Writing About Loss

Take, for instance, a newly divorced man who’s obviously going through a difficult transition. He might need a place to temporarily keep his belongings while he’s sorting out where he’s going to live.

Or how about a daughter who’s moving her elderly father into a nursing home? Is the daughter just supposed to chuck everything his father owns? She might need to store her father’s possessions temporarily — perhaps even some treasured photos or antique furniture — as Dad settles into his new digs.

Then there’s the family moving from San Francisco to San Diego. To properly “stage” their San Francisco home, where they got new furniture from the Furniture Clearance Warehouse site, they need to temporarily store some of their furnishings.

And let’s not forget the many small businesses that turn to self-storage as an inexpensive alternative to warehousing their inventory.

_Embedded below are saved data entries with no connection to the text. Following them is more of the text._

(* For all integers $n\ge1$ and $k\ge1$, the number of $k$-quasi-Stirling permutations of size $n$ is $$|\overline{\mathcal{Q}}^k_n|=\frac{(kn)!}{((k-1)n+1)!}=n!\,C_{n,k},\qquad\text{where } C_{n,k}=\frac{1}{(k-1)n+1}\binom{kn}{n}.$$
   Context: A $k$-quasi-Stirling permutation of size $n$ is a permutation $\pi$ of the multiset $\{1^k,2^k,\dots,n^k\}$ (each of $1,\dots,n$ appearing exactly $k$ times) that avoids the patterns $1212$ and $2121$, i.e. there are no indices $i<j<m<\ell$ with $\pi_i=\pi_m\neq\pi_j=\pi_\ell$. $\overline{\mathcal{Q}}^k_n$ denotes the set of these permutations. *)

theory Defs
  imports Complex_Main "HOL-Library.Multiset"
begin

definition avoids_1212_2121 :: "nat list \<Rightarrow> bool" where
  "avoids_1212_2121 w \<longleftrightarrow>
     \<not> (\<exists>i j m l. i < j \<and> j < m \<and> m < l \<and> l < length w \<and>
           w ! i = w ! m \<and> w ! j = w ! l \<and> w ! i \<noteq> w ! j)"

definition multiset_perms :: "nat \<Rightarrow> nat \<Rightarrow> nat list set" where
  "multiset_perms k n = {w. mset w = (\<Sum>i\<in>{1..n}. replicate_mset k i)}"

definition quasi_stirling :: "nat \<Rightarrow> nat \<Rightarrow> nat list set" where
  "quasi_stirling k n = {w \<in> multiset_perms k n. avoids_1212_2121 w}"

definition C_nk :: "nat \<Rightarrow> nat \<Rightarrow> real" where
  "C_nk n k = (1 / real ((k - 1) * n + 1)) * real ((k * n) choose n)"

end

theory Submission
  imports Defs
begin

So, for millions of Americans, self-storage isn’t a matter of dealing with clutter. It’s a matter of dealing with life, people should considere looking into the self storage prices more. And by no means is the self-storage unit always, as Mansfield suggested, a “gated enclave for excess stuff.”

Temporary “Problem”
In many cases, self-storage is a solution to a temporary “problem,” not a symptom of some sort of permanent clutter “plague.”

And we certainly know that while a small minority of self-storage tenants might be hoarders, storage units are not harbors for hoarders. If anything, hoarded belongings tend to remain in hoarders’ homes, as renting a storage unit would represent a sense of organization that most hoarders aren’t capable of grasping.

Another misconception about self-storage facilities is that they’re “havens” for thieves, as one TV station in Houston put it in 2013.

Self-storage facilities, just like any other type of business, are susceptible to break-ins, but storage facilities predominantly are safe and secure places. According to the 2013 Self-Storage Almanac, just 8.9 percent of facilities surveyed had reported break-ins or thefts in 2012. If you applied that number across the board in 2015, that would mean less than 10 percent of the more than 52,000 self-storage facilities in the U.S. are victims of break-ins or thefts.

As Ginny Sutton, executive director of the Texas Self Storage Association, said in 2013: “Considering the number of facilities out there, the number of news stories about break-ins are relatively few and far between. Storage facility operators just cannot guarantee that no one will ever find a way to burglarize units, no matter how secure things are. That is why tenant insurance exists.”